Man's attempt to reassert dominance disrupts the unity God intended for male-female relationships. It dehumanizes the female person, making her into an object for his satisfaction or condemning her as the seedbed of lust.

Lust is the fruit of an undisciplined imagination, so we men are without excuse. There is no one to blame but ourselves. Though lust is an ever-pressing temptation it is not impossible to resist. It does, however, demand constant vigilance, sensitivity to conviction, and the practices of confession and repentance.

For this to happen, the church needs to provide a safe space for men to wrestle with their weakness without fear of shame. This is an important role that men's small groups can fulfill. In environments free from judgment and shame, men need fellow men in whom to confide and find accountability. And while dialogue between the genders is also important for understanding, it is never ever appropriate for a man to confess his lust to the woman for whom he is tempted.

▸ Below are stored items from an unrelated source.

lemma f_slope_inf_ge_affine:
  assumes cf: "convex_on {0<..} f" and minor: "\<And>t. 0 < t \<Longrightarrow> \<alpha> * t + \<gamma> \<le> f t"
  shows "ereal \<alpha> \<le> f_slope_inf f"
proof (rule tendsto_le[OF trivial_limit_at_top_linorder f_slope_tendsto[OF cf]])
  have "((\<lambda>t. \<alpha> + \<gamma> / t) \<longlongrightarrow> \<alpha> + 0) at_top"
    by (intro tendsto_add tendsto_const tendsto_divide_0[OF tendsto_const]
        filterlim_at_top_imp_at_infinity[OF filterlim_ident])
  then show "((\<lambda>t. ereal (\<alpha> + \<gamma> / t)) \<longlongrightarrow> ereal \<alpha>) at_top"
    by simp
  have "\<alpha> + \<gamma> / t \<le> f t / t" if "0 < t" for t
  proof -
    have "\<alpha> + \<gamma> / t = (\<alpha> * t + \<gamma>) / t" using that by (simp add: field_simps)
    also have "\<dots> \<le> f t / t" using minor[OF that] that by (intro divide_right_mono) auto
    finally show ?thesis .
  qed
  then show "\<forall>\<^sub>F t in at_top. ereal (\<alpha> + \<gamma> / t) \<le> ereal (f t / t)"
    by (intro eventually_mono[OF eventually_gt_at_top[of 0]]) auto
qed

lemma f_persp_ge_affine:
  assumes cf: "convex_on {0<..} f" and minor: "\<And>t. 0 < t \<Longrightarrow> \<alpha> * t + \<gamma> \<le> f t"
    and "0 \<le> x" "0 \<le> y"
  shows "ereal (\<alpha> * x + \<gamma> * y) \<le> f_persp f x y"
proof -
  consider "0 < x" "0 < y" | "x = 0" "0 < y" | "0 < x" "y = 0" | "x = 0" "y = 0"
    using assms(3,4) by linarith
  then show ?thesis
  proof cases
    case 1
    have "y * (\<alpha> * (x / y) + \<gamma>) \<le> y * f (x / y)"
      using minor[of "x / y"] 1 by (intro mult_left_mono) auto
    moreover have "y * (\<alpha> * (x / y) + \<gamma>) = \<alpha> * x + \<gamma> * y"
      using 1 by (simp add: field_simps)
    ultimately have "\<alpha> * x + \<gamma> * y \<le> y * f (x / y)" by linarith
    then show ?thesis using 1 by (simp add: f_persp_def)
  next
    case 2
    have "ereal y * ereal \<gamma> \<le> ereal y * f_zero f"
      using f_zero_ge_affine[OF cf minor] 2 by (intro ereal_mult_left_mono) auto
    then show ?thesis using 2 by (simp add: f_persp_def mult.commute)
  next
    case 3
    have "ereal x * ereal \<alpha> \<le> ereal x * f_slope_inf f"
      using f_slope_inf_ge_affine[OF cf minor] 3 by (intro ereal_mult_left_mono) auto
    then show ?thesis using 3 by (simp add: f_persp_def mult.commute)
  qed (simp add: f_persp_def)
qed
definition pauli_comm_sign :: "pauli \<Rightarrow> pauli \<Rightarrow> real" where
  "pauli_comm_sign a b = (if a = PI \<or> b = PI \<or> a = b then 1 else -1)"

lemma pauli_entry_mult:
  "(\<Sum>k\<in>UNIV. pauli_entry a r k * pauli_entry b k s) = pauli_phase a b * pauli_entry (pauli_mult a b) r s"
  by (cases a; cases b; cases r; cases s; simp add: UNIV_bool pauli_phase_def)

lemma cnj_pauli_entry: "cnj (pauli_entry a r c) = pauli_entry a c r"
  by (cases a; cases c; cases r; simp)

lemma pauli_mult_cancel_left: "pauli_mult a (pauli_mult a b) = b"
  by (cases a; cases b; simp)

lemma pauli_mult_conjugate: "pauli_mult a (pauli_mult b a) = b"
  by (cases a; cases b; simp)

lemma pauli_phase_conjugate:
  "pauli_phase b a * pauli_phase a (pauli_mult b a) = pauli_comm_sign a b"
  by (cases a; cases b; simp add: pauli_phase_def pauli_comm_sign_def)

lemma norm_pauli_phase: "cmod (pauli_phase a b) = 1"
  by (simp add: pauli_phase_def)

lemma pauli_comm_sign_mult_left:
  "pauli_comm_sign (pauli_mult a b) c = pauli_comm_sign a c * pauli_comm_sign b c"
  by (cases a; cases b; cases c; simp add: pauli_comm_sign_def)

lemma abs_pauli_comm_sign: "\<bar>pauli_comm_sign a b\<bar> = 1"
  by (simp add: pauli_comm_sign_def)

lemma sum_pauli_comm_sign: "(\<Sum>b\<in>UNIV. pauli_comm_sign a b) = (if a = PI then 4 else 0)"
  unfolding sum_UNIV_pauli by (cases a; simp add: pauli_comm_sign_def)

lemma pauli_entry_completeness:
  "(\<Sum>a\<in>UNIV. pauli_entry a r c * cnj (pauli_entry a r' c')) = (if r = r' \<and> c = c' then 2 else 0)"
  by (cases r; cases c; cases r'; cases c'; simp add: sum_UNIV_pauli)

section \<open>Sums over bit strings and Pauli strings\<close>

lemma less_pow2_eq_iff_bits:
  fixes x y :: nat
  assumes "x < 2^n" "y < 2^n"
  shows "x = y \<longleftrightarrow> (\<forall>i<n. bit x i = bit y i)"
proof
  assume "\<forall>i<n. bit x i = bit y i"
  then have "take_bit n x = take_bit n y"
    by (auto simp: bit_eq_iff bit_take_bit_iff)
  then show "x = y" using assms by (simp add: take_bit_nat_eq_self)
qed simp

lemma sum_lessThan_pow2_prod_bit:
  fixes g :: "nat \<Rightarrow> bool \<Rightarrow> 'a::comm_semiring_1"
  shows "(\<Sum>y<(2::nat)^n. \<Prod>i<n. g i (bit y i)) = (\<Prod>i<n. \<Sum>b\<in>UNIV. g i b)"
proof (induction n arbitrary: g)
  case 0
  then show ?case by simp
next
  case (Suc n)
  obtain m where "(2::nat)^n = Suc m"
    using gr0_implies_Suc[of "2^n"] by auto
  then have "{..<(2::nat)^Suc n} = {..Suc (2 * m)}" "{..m} = {..<(2::nat)^n}"
    by auto
  then have "(\<Sum>y<(2::nat)^Suc n. \<Prod>i<Suc n. g i (bit y i))
      = (\<Sum>y<(2::nat)^n. (\<Prod>i<Suc n. g i (bit (2*y) i)) + (\<Prod>i<Suc n. g i (bit (Suc (2*y)) i)))"
    by (simp only: sum.in_pairs_0)
  also have "\<dots> = (\<Sum>y<(2::nat)^n. (\<Sum>b\<in>UNIV. g 0 b) * (\<Prod>i<n. g (Suc i) (bit y i)))"
    by (simp add: prod.lessThan_Suc_shift bit_0 bit_Suc UNIV_bool algebra_simps del: prod.lessThan_Suc)
  also have "\<dots> = (\<Prod>i<Suc n. \<Sum>b\<in>UNIV. g i b)"
    by (simp add: sum_distrib_left[symmetric] Suc.IH[of "\<lambda>i. g (Suc i)"] prod.lessThan_Suc_shift del: prod.lessThan_Suc)
  finally show ?case .
qed

lemma mem_pauli_strings_iff: "P \<in> pauli_strings n \<longleftrightarrow> length P = n"
  by (simp add: pauli_strings_def)

lemma pauli_strings_Suc:
  "pauli_strings (Suc n) = (\<lambda>(a, P). a # P) ` (UNIV \<times> pauli_strings n)"
  unfolding pauli_strings_def by (auto simp: length_Suc_conv image_iff)

lemma finite_pauli_strings [simp]: "finite (pauli_strings n)"
  using finite_lists_length_eq[OF finite_UNIV_pauli, of n] by (simp add: pauli_strings_def)

lemma sum_pauli_strings_prod:
  fixes f :: "nat \<Rightarrow> pauli \<Rightarrow> 'a::comm_semiring_1"
  shows "(\<Sum>P\<in>pauli_strings n. \<Prod>i<n. f i (P!i)) = (\<Prod>i<n. \<Sum>a\<in>UNIV. f i a)"
proof (induction n arbitrary: f)
  case 0
  then show ?case by (simp add: pauli_strings_def)
next
  case (Suc n)
  have inj: "inj_on (\<lambda>(a::pauli, P). a # P) X" for X
    by (auto simp: inj_on_def)
  have "(\<Sum>P\<in>pauli_strings (Suc n). \<Prod>i<Suc n. f i (P!i))
      = (\<Sum>(a, P)\<in>UNIV \<times> pauli_strings n. f 0 a * (\<Prod>i<n. f (Suc i) (P!i)))"
    unfolding pauli_strings_Suc sum.reindex[OF inj]
    by (simp add: case_prod_beta prod.lessThan_Suc_shift del: prod.lessThan_Suc)
  also have "\<dots> = (\<Prod>i<Suc n. \<Sum>a\<in>UNIV. f i a)"
    by (simp add: sum.cartesian_product[symmetric] sum_product[symmetric] Suc.IH[of "\<lambda>i. f (Suc i)"]
        prod.lessThan_Suc_shift del: prod.lessThan_Suc)
  finally show ?case .
qed

section \<open>Pauli strings as operators\<close>

definition pstr_mult :: "pauli list \<Rightarrow> pauli list \<Rightarrow> pauli list" where
  "pstr_mult P Q = map2 pauli_mult P Q"

definition pstr_phase :: "nat \<Rightarrow> pauli list \<Rightarrow> pauli list \<Rightarrow> complex" where
  "pstr_phase n P Q = (\<Prod>i<n. pauli_phase (P!i) (Q!i))"

definition pstr_comm_sign :: "nat \<Rightarrow> pauli list \<Rightarrow> pauli list \<Rightarrow> real" where
  "pstr_comm_sign n P Q = (\<Prod>i<n. pauli_comm_sign (P!i) (Q!i))"

lemma length_pstr_mult [simp]: "length (pstr_mult P Q) = min (length P) (length Q)"
  by (simp add: pstr_mult_def)

lemma nth_pstr_mult: "i < length P \<Longrightarrow> i < length Q \<Longrightarrow> pstr_mult P Q ! i = pauli_mult (P!i) (Q!i)"
  by (simp add: pstr_mult_def)

lemma pstr_mult_cancel_left: "length P = length Q \<Longrightarrow> pstr_mult P (pstr_mult P Q) = Q"
  by (rule nth_equalityI) (auto simp: nth_pstr_mult pauli_mult_cancel_left)

lemma pstr_mult_conjugate: "length P = length Q \<Longrightarrow> pstr_mult P (pstr_mult Q P) = Q"
  by (rule nth_equalityI) (auto simp: nth_pstr_mult pauli_mult_conjugate)

lemma pstr_phase_conjugate:
  "length P = n \<Longrightarrow> length Q = n \<Longrightarrow>
    pstr_phase n Q P * pstr_phase n P (pstr_mult Q P) = pstr_comm_sign n P Q"
  unfolding pstr_phase_def pstr_comm_sign_def
  by (simp add: prod.distrib[symmetric] nth_pstr_mult pauli_phase_conjugate)

lemma norm_pstr_phase: "cmod (pstr_phase n P Q) = 1"
  unfolding pstr_phase_def prod_norm[symmetric] by (simp add: norm_pauli_phase)

lemma pstr_comm_sign_mult_left:
  "length P = n \<Longrightarrow> length P' = n \<Longrightarrow> length Q = n \<Longrightarrow>
    pstr_comm_sign n (pstr_mult P P') Q = pstr_comm_sign n P Q * pstr_comm_sign n P' Q"
  unfolding pstr_comm_sign_def by (simp add: prod.distrib[symmetric] nth_pstr_mult pauli_comm_sign_mult_left)

lemma abs_pstr_comm_sign: "\<bar>pstr_comm_sign n P Q\<bar> = 1"
  unfolding pstr_comm_sign_def abs_prod by (simp add: abs_pauli_comm_sign)

lemma sum_pstr_comm_sign:
  assumes "length P = n"
  shows "(\<Sum>Q\<in>pauli_strings n. pstr_comm_sign n P Q) = (if P = replicate n PI then 4^n else 0)"
proof -
  have "(\<Sum>Q\<in>pauli_strings n. pstr_comm_sign n P Q) = (\<Prod>i<n. if P!i = PI then 4 else 0)"
    unfolding pstr_comm_sign_def sum_pauli_strings_prod[of "\<lambda>i. pauli_comm_sign (P!i)"]
    by (simp add: sum_pauli_comm_sign)
  also have "\<dots> = (if P = replicate n PI then 4^n else 0)"
  proof (cases "P = replicate n PI")
    case False
    then obtain i where "i < n" "P!i \<noteq> PI"
      using assms by (metis in_set_conv_nth replicate_eqI)
    then show ?thesis
      using False by (auto intro!: prod_zero bexI[of _ i])
  qed simp
  finally show ?thesis .
qed

lemma pstr_entry_mult:
  assumes "length P = n" "length Q = n"
  shows "(\<Sum>y<2^n. pstr_entry n P x y * pstr_entry n Q y z) = pstr_phase n P Q * pstr_entry n (pstr_mult P Q) x z"
proof -
  have "(\<Sum>y<2^n. pstr_entry n P x y * pstr_entry n Q y z)
      = (\<Prod>i<n. \<Sum>k\<in>UNIV. pauli_entry (P!i) (bit x i) k * pauli_entry (Q!i) k (bit z i))"
    unfolding pstr_entry_def prod.distrib[symmetric] by (rule sum_lessThan_pow2_prod_bit)
  also have "\<dots> = pstr_phase n P Q * pstr_entry n (pstr_mult P Q) x z"
    unfolding pstr_phase_def pstr_entry_def
    by (simp add: pauli_entry_mult nth_pstr_mult assms prod.distrib)
  finally show ?thesis .
qed

lemma cnj_pstr_entry: "cnj (pstr_entry n P x y) = pstr_entry n P y x"
  unfolding pstr_entry_def by (simp add: cnj_pauli_entry)

lemma pstr_entry_identity:
  assumes "x < 2^n" "y < 2^n"
  shows "pstr_entry n (replicate n PI) x y = (if x = y then 1 else 0)"
proof (cases "x = y")
  case False
  then obtain i where "i < n" "bit x i \<noteq> bit y i"
    using less_pow2_eq_iff_bits[OF assms] by blast
  then show ?thesis
    unfolding pstr_entry_def using False by (auto intro!: prod_zero bexI[of _ i])
qed (simp add: pstr_entry_def)

lemma pstr_entry_completeness:
  assumes "x < 2^n" "y < 2^n" "x' < 2^n" "y' < 2^n"
  shows "(\<Sum>P\<in>pauli_strings n. pstr_entry n P x y * cnj (pstr_entry n P x' y'))
     = (if x = x' \<and> y = y' then 2^n else 0)"
proof -
  have "(\<Sum>P\<in>pauli_strings n. pstr_entry n P x y * cnj (pstr_entry n P x' y'))
      = (\<Prod>i<n. if bit x i = bit x' i \<and> bit y i = bit y' i then 2 else 0)"
    unfolding pstr_entry_def cnj_prod prod.distrib[symmetric] sum_pauli_strings_prod[of
        "\<lambda>i a. pauli_entry a (bit x i) (bit y i) * cnj (pauli_entry a (bit x' i) (bit y' i))"]
    by (simp only: pauli_entry_completeness)
  also have "\<dots> = (if x = x' \<and> y = y' then 2^n else 0)"
  proof (cases "x = x' \<and> y = y'")
    case False
    then obtain i where "i < n" "\<not> (bit x i = bit x' i \<and> bit y i = bit y' i)"
      using less_pow2_eq_iff_bits[of x n x'] less_pow2_eq_iff_bits[of y n y'] assms by blast
    then show ?thesis
      using False by (auto intro!: prod_zero bexI[of _ i])
  qed simp
  finally show ?thesis .
qed

lemma apply_pstr_cong: "(\<And>y. y < 2^n \<Longrightarrow> f y = g y) \<Longrightarrow> apply_pstr n P f x = apply_pstr n P g x"
  unfolding apply_pstr_def by (rule sum.cong) auto

lemma apply_pstr_cmult: "apply_pstr n P (\<lambda>y. c * f y) x = c * apply_pstr n P f x"
  unfolding apply_pstr_def by (simp add: sum_distrib_left algebra_simps)

lemma apply_pstr_identity: "x < 2^n \<Longrightarrow> apply_pstr n (replicate n PI) f x = f x"
proof -
  assume x: "x < 2^n"
  have "apply_pstr n (replicate n PI) f x = (\<Sum>y<2^n. if x = y then f y else 0)"
    unfolding apply_pstr_def by (rule sum.cong) (simp_all add: pstr_entry_identity x)
  then show ?thesis
    using x by simp
qed

lemma apply_pstr_apply_pstr:
  assumes "length P = n" "length Q = n"
  shows "apply_pstr n P (apply_pstr n Q f) = (\<lambda>x. pstr_phase n P Q * apply_pstr n (pstr_mult P Q) f x)"
proof
  fix x
  have "apply_pstr n P (apply_pstr n Q f) x
      = (\<Sum>z<2^n. (\<Sum>y<2^n. pstr_entry n P x y * pstr_entry n Q y z) * f z)"
    unfolding apply_pstr_def sum_distrib_left sum_distrib_right
    by (subst sum.swap) (simp add: mult.assoc)
  then show "apply_pstr n P (apply_pstr n Q f) x = pstr_phase n P Q * apply_pstr n (pstr_mult P Q) f x"
    unfolding pstr_entry_mult[OF assms] apply_pstr_def by (simp add: sum_distrib_left mult.assoc)
qed

definition braket :: "nat \<Rightarrow> (nat \<Rightarrow> complex) \<Rightarrow> (nat \<Rightarrow> complex) \<Rightarrow> complex" where
  "braket n f g = (\<Sum>x<2^n. cnj (f x) * g x)"

lemma cnj_braket: "cnj (braket n f g) = braket n g f"
  unfolding braket_def by (simp add: mult.commute)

Brothers, when it comes to modesty, our responsibility is not to read a list of rules for modest female dress based on our own personal struggles. Instead, our responsibility is humble recognition of our weakness and how we have perverted that physical inclination that was created good. In repentance we men must work toward a way of thinking about the female body that is in harmony with the created goodness of her whole being.

In view of man's God-given inclination, women may hear this witness and respond to it as an invitation to assist men in confronting lust. Again, this does not necessarily mean women submit to a list of rules and guidelines for modest dress, but it does mean practicing conscious awareness of men's vulnerability without being enslaved to it. For each and every one of us, this is a process of discernment. Both women and men must seek the Holy Spirit and consider the witness of the church as we live out Paul's directive in 1 Timothy 2:9 to "dress modestly, with decency and propriety."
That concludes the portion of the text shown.